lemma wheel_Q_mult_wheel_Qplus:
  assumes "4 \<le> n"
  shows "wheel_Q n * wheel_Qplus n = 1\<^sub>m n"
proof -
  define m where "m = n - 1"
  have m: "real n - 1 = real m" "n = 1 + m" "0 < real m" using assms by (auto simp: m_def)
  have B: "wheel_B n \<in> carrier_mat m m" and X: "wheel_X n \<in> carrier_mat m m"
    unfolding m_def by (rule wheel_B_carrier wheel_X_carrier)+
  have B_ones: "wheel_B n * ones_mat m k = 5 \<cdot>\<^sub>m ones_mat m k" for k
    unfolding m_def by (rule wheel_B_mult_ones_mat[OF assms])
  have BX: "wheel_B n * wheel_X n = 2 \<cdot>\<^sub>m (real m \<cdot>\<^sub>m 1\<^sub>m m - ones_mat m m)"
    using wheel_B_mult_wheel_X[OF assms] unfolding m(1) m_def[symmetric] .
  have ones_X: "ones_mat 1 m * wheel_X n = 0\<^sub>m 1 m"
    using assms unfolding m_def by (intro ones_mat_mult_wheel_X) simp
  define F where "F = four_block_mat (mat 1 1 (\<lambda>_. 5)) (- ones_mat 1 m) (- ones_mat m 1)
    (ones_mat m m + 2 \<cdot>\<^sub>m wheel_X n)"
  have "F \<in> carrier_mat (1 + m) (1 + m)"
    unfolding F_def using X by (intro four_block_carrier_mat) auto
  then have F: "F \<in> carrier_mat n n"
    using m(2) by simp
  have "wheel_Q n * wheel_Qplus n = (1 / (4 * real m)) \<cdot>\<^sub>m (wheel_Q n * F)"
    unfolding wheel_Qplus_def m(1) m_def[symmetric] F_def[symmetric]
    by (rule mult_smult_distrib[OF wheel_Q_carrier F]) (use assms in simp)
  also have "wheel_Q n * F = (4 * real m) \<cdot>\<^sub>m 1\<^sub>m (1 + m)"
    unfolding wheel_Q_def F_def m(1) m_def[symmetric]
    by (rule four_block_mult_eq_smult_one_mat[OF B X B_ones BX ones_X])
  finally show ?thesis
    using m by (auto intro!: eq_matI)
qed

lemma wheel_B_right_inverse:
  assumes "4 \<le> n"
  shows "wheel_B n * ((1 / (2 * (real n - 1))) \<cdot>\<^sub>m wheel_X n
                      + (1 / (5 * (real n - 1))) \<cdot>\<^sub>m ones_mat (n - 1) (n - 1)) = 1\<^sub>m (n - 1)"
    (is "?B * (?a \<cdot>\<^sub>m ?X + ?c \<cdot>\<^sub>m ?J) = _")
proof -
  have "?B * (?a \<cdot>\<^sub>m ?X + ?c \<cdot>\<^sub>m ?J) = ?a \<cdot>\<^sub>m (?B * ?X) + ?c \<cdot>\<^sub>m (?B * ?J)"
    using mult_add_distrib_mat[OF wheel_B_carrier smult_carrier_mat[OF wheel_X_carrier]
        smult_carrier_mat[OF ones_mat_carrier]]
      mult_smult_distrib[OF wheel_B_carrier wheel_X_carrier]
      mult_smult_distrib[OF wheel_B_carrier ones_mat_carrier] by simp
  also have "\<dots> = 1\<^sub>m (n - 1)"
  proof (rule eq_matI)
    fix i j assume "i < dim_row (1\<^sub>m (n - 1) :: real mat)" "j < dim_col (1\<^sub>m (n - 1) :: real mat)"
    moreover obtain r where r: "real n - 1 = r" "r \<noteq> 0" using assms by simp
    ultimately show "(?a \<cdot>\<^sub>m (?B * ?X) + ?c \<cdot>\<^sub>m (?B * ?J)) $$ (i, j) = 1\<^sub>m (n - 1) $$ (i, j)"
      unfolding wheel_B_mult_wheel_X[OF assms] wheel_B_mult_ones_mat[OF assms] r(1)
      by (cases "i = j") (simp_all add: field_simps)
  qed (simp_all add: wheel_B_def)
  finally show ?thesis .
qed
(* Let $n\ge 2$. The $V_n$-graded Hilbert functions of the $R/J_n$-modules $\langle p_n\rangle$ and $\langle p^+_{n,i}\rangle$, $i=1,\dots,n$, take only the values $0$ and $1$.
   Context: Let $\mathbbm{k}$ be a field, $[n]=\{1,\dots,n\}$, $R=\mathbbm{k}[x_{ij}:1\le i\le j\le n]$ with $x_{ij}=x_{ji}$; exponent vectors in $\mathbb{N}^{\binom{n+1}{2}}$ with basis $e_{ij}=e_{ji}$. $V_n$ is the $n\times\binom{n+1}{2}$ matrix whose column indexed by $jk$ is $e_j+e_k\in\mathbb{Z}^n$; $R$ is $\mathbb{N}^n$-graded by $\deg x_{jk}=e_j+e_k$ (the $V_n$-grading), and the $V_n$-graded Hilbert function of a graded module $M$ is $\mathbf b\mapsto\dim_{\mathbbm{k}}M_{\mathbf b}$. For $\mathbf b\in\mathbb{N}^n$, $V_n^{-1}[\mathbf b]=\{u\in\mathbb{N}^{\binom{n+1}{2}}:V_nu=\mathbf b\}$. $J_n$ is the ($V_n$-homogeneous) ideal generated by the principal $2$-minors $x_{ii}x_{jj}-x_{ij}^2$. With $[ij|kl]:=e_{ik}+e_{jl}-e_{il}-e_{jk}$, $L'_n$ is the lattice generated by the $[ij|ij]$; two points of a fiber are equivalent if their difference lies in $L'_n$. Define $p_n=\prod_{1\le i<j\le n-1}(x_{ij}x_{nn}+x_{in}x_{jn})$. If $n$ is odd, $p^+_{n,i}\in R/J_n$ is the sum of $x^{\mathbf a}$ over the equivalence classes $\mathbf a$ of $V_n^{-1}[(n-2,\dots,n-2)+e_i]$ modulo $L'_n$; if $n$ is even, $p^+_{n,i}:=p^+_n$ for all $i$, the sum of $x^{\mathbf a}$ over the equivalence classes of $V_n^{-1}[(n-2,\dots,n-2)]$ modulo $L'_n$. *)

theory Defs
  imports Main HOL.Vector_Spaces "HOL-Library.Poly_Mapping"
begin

WORK TASK |
Find the lines above that hold "also", then copy each of them.

ANSWER BOX |
  also have "wheel_Q n * F = (4 * real m) \<cdot>\<^sub>m 1\<^sub>m (1 + m)"
  also have "\<dots> = 1\<^sub>m (n - 1)"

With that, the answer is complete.